══ Records shown ══

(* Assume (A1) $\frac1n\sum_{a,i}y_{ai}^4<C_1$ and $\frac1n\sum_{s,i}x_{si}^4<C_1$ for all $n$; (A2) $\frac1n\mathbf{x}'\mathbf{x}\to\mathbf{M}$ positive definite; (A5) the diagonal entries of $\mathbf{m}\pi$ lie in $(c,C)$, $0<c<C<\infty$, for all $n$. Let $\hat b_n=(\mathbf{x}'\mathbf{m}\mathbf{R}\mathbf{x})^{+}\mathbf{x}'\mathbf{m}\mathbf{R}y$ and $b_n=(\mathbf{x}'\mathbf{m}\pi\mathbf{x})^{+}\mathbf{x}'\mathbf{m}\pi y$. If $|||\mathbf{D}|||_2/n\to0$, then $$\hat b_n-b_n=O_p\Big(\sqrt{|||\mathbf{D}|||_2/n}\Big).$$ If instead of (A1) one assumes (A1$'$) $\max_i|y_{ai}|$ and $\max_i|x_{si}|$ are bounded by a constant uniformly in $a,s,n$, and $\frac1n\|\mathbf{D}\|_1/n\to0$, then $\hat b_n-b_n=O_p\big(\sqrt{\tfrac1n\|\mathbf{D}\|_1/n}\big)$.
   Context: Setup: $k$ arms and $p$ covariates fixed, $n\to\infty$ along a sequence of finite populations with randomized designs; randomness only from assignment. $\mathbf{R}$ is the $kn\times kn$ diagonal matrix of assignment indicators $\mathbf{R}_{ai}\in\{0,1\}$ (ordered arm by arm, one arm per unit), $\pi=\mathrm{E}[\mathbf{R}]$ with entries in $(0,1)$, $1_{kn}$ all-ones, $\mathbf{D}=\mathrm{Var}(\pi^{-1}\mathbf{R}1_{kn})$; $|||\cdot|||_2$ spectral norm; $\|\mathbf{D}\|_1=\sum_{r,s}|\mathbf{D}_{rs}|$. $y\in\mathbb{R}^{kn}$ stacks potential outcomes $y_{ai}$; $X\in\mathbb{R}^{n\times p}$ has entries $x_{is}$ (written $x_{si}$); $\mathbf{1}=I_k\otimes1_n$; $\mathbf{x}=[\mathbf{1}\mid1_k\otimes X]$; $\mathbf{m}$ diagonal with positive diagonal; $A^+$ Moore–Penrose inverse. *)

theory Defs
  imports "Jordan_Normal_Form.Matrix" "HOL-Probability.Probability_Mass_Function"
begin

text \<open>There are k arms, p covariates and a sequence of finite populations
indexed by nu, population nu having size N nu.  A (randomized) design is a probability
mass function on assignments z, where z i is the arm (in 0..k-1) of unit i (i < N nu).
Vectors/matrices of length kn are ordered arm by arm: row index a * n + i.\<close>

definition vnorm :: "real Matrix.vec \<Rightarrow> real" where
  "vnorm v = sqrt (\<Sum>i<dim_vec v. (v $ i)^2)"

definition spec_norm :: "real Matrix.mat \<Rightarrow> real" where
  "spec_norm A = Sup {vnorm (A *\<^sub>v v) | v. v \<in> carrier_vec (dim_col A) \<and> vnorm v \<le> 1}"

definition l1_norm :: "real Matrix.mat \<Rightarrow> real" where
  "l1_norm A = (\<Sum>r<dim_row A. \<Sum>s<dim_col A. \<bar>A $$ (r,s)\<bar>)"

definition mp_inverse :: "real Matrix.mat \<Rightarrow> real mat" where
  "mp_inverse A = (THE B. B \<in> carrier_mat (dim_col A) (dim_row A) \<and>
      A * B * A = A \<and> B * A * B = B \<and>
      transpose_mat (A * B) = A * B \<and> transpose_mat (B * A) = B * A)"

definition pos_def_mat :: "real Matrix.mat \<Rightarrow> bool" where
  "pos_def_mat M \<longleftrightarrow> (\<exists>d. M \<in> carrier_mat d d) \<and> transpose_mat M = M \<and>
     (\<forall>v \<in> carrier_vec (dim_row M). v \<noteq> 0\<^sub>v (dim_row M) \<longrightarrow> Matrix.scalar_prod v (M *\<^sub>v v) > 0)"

═══

# Action item
From the opening line of the data above through the line that contains "theory Defs", please print each line as it stands and only those lines.

# Exercise solution
(* Assume (A1) $\frac1n\sum_{a,i}y_{ai}^4<C_1$ and $\frac1n\sum_{s,i}x_{si}^4<C_1$ for all $n$; (A2) $\frac1n\mathbf{x}'\mathbf{x}\to\mathbf{M}$ positive definite; (A5) the diagonal entries of $\mathbf{m}\pi$ lie in $(c,C)$, $0<c<C<\infty$, for all $n$. Let $\hat b_n=(\mathbf{x}'\mathbf{m}\mathbf{R}\mathbf{x})^{+}\mathbf{x}'\mathbf{m}\mathbf{R}y$ and $b_n=(\mathbf{x}'\mathbf{m}\pi\mathbf{x})^{+}\mathbf{x}'\mathbf{m}\pi y$. If $|||\mathbf{D}|||_2/n\to0$, then $$\hat b_n-b_n=O_p\Big(\sqrt{|||\mathbf{D}|||_2/n}\Big).$$ If instead of (A1) one assumes (A1$'$) $\max_i|y_{ai}|$ and $\max_i|x_{si}|$ are bounded by a constant uniformly in $a,s,n$, and $\frac1n\|\mathbf{D}\|_1/n\to0$, then $\hat b_n-b_n=O_p\big(\sqrt{\tfrac1n\|\mathbf{D}\|_1/n}\big)$.
   Context: Setup: $k$ arms and $p$ covariates fixed, $n\to\infty$ along a sequence of finite populations with randomized designs; randomness only from assignment. $\mathbf{R}$ is the $kn\times kn$ diagonal matrix of assignment indicators $\mathbf{R}_{ai}\in\{0,1\}$ (ordered arm by arm, one arm per unit), $\pi=\mathrm{E}[\mathbf{R}]$ with entries in $(0,1)$, $1_{kn}$ all-ones, $\mathbf{D}=\mathrm{Var}(\pi^{-1}\mathbf{R}1_{kn})$; $|||\cdot|||_2$ spectral norm; $\|\mathbf{D}\|_1=\sum_{r,s}|\mathbf{D}_{rs}|$. $y\in\mathbb{R}^{kn}$ stacks potential outcomes $y_{ai}$; $X\in\mathbb{R}^{n\times p}$ has entries $x_{is}$ (written $x_{si}$); $\mathbf{1}=I_k\otimes1_n$; $\mathbf{x}=[\mathbf{1}\mid1_k\otimes X]$; $\mathbf{m}$ diagonal with positive diagonal; $A^+$ Moore–Penrose inverse. *)

theory Defs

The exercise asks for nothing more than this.